This is another one for Dad, but I'll bet it helps a zillion other people too.

Sometimes in iPhoto you want to change the names of a whole bunch of photos. For example, you might want to number them sequentially, with a prefix indicating the name of the album they're in. That's a great idea: a name like "Texas Barbeque Contest-001" is a lot more descriptive than "IMG_001.jpg" but who wants to do the work of renaming more than a couple of photos by hand? No one, that's who. That's why iPhoto has a Batch Change feature.

Here's an example.

A few weeks ago I had the bright idea of weighing myself more or less daily and using my iPhone to take a photo of the readout on the scale.
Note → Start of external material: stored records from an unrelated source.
(* Suppose $k\ge2$ and $n\ge k+2$. Then for every $1\le\ell\le k+1$, $$\mathrm{Ker}(\Theta_1)\subset\mathrm{Ker}(\Theta_\ell)$$ as subgroups of $H^*\otimes_\mathbb{Z}\mathcal{L}_n(k+1)$ (with $\Theta_\ell$ restricted to $H^*\otimes_\mathbb{Z}\mathcal{L}_n(k+1)$).
   Context: $F_n$ is the free group of rank $n$, $H=F_n/[F_n,F_n]\cong\mathbb{Z}^n$, $H^*=\mathrm{Hom}(H,\mathbb{Z})$. $\mathcal{L}_n(m)\subset H^{\otimes m}$ is the degree-$m$ part of the free Lie algebra on $H$, i.e. the $\mathbb{Z}$-span of left-normed brackets $[a_1,\dots,a_m]$ computed with $[x,y]=x\otimes y-y\otimes x$ (equivalently the $m$th graded quotient of the lower central series of $F_n$). For $m\ge0$, $\mathcal{C}_n(m)$ is the quotient of $H^{\otimes m}$ by the subgroup generated by all $a_1\otimes a_2\otimes\cdots\otimes a_m-a_2\otimes\cdots\otimes a_m\otimes a_1$ ($\mathcal{C}_n(0)=\mathbb{Z}$), with projection $\pi_m$. For $1\le\ell\le k+1$: $\Phi_{1,\ell+1}:H^*\otimes H^{\otimes k+1}\to H^{\otimes k}$, $f\otimes a_1\otimes\cdots\otimes a_{k+1}\mapsto f(a_\ell)\,a_1\otimes\cdots\otimes\widehat{a_\ell}\otimes\cdots\otimes a_{k+1}$; $\varpi_\ell:H^{\otimes k}\to\mathcal{C}_n(\ell-1)\otimes\mathcal{C}_n(k-\ell+1)$, $a_1\otimes\cdots\otimes a_k\mapsto\pi_{\ell-1}(a_1\otimes\cdots\otimes a_{\ell-1})\otimes\pi_{k-\ell+1}(a_\ell\otimes\cdots\otimes a_k)$; and $\Theta_\ell=\varpi_\ell\circ\Phi_{1,\ell+1}$. (So $\Theta_1=\pi_k\circ\Phi_{1,2}$ up to the identification $\mathbb{Z}\otimes\mathcal{C}_n(k)=\mathcal{C}_n(k)$.) *)

theory Defs
  imports Main "HOL-Library.Function_Algebras"
begin

text \<open>H = Z^n with basis e_0,...,e_(n-1). An element of the free abelian group
  H^(tensor m) is a finitely supported function from words (nat list) to int; the word
  [a1,...,am] stands for the basis tensor e_a1 (x) ... (x) e_am. An element of
  H^* (tensor) H^(tensor m) is a function (nat \<times> nat list) \<Rightarrow> int, the pair (i,w) standing
  for the basis tensor e_i^* (x) w, where e_i^* is the dual basis.\<close>

definition words :: "nat \<Rightarrow> nat \<Rightarrow> nat list set" where
  "words n m = {w. length w = m \<and> set w \<subseteq> {..<n}}"

definition basis :: "nat list \<Rightarrow> (nat list \<Rightarrow> int)" where
  "basis w = (\<lambda>u. if u = w then 1 else 0)"

definition tmult :: "(nat list \<Rightarrow> int) \<Rightarrow> (nat list \<Rightarrow> int) \<Rightarrow> (nat list \<Rightarrow> int)" where
  "tmult x y = (\<lambda>w. \<Sum>i\<le>length w. x (take i w) * y (drop i w))"

definition bracket :: "(nat list \<Rightarrow> int) \<Rightarrow> (nat list \<Rightarrow> int) \<Rightarrow> (nat list \<Rightarrow> int)" where
  "bracket x y = tmult x y - tmult y x"

text \<open>Left-normed bracket [a1, a2, ..., am] = [...[[a1,a2],a3],...,am] of basis vectors.\<close>
fun lbracket :: "nat list \<Rightarrow> (nat list \<Rightarrow> int)" where
  "lbracket [] = 0"
| "lbracket (a # as) = foldl (\<lambda>acc b. bracket acc (basis [b])) (basis [a]) as"

inductive_set zspan :: "('a \<Rightarrow> int) set \<Rightarrow> ('a \<Rightarrow> int) set" for S where
  zero: "0 \<in> zspan S"
| add: "y \<in> zspan S \<Longrightarrow> x \<in> S \<Longrightarrow> y + x \<in> zspan S"
| diff: "y \<in> zspan S \<Longrightarrow> x \<in> S \<Longrightarrow> y - x \<in> zspan S"

definition dtens :: "nat \<Rightarrow> (nat list \<Rightarrow> int) \<Rightarrow> (nat \<times> nat list \<Rightarrow> int)" where
  "dtens i x = (\<lambda>(j, w). if j = i then x w else 0)"

text \<open>H^* (x) L_n(k+1), as a subgroup of H^* (x) H^(tensor (k+1)): spanned by
  e_i^* (x) [a1,...,a_(k+1)] with a_j basis vectors (multilinearity).\<close>
definition dualLie :: "nat \<Rightarrow> nat \<Rightarrow> (nat \<times> nat list \<Rightarrow> int) set" where
  "dualLie n k = zspan {dtens i (lbracket a) | i a. i < n \<and> a \<in> words n (k + 1)}"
Thanks to Photo Stream the pictures magically appear on my iMac, where I put them into an album. Here's how it looked a few days ago. Yes those are my toes.
iPhoto_batch_before
Nice collection of photos but the names are not helpful at all. I wondered whether I could rename them to reflect the date that the pictures were taken (and of course the photos know when they were taken because the iPhone stamps that information into every photo it takes). Turns out it was easy. First, I selected all of the photos in the album. Then I went to the Photos menu and chose "Batch Change…", like so:

iPhoto_batch_menu
That led to a box, which I configured as shown below.

iPhoto_batch_change_dialog

Then I clicked OK and that was it. Here's the result. So much better!

iPhoto_batch_after
Very powerful stuff and it only takes a minute. You should try it.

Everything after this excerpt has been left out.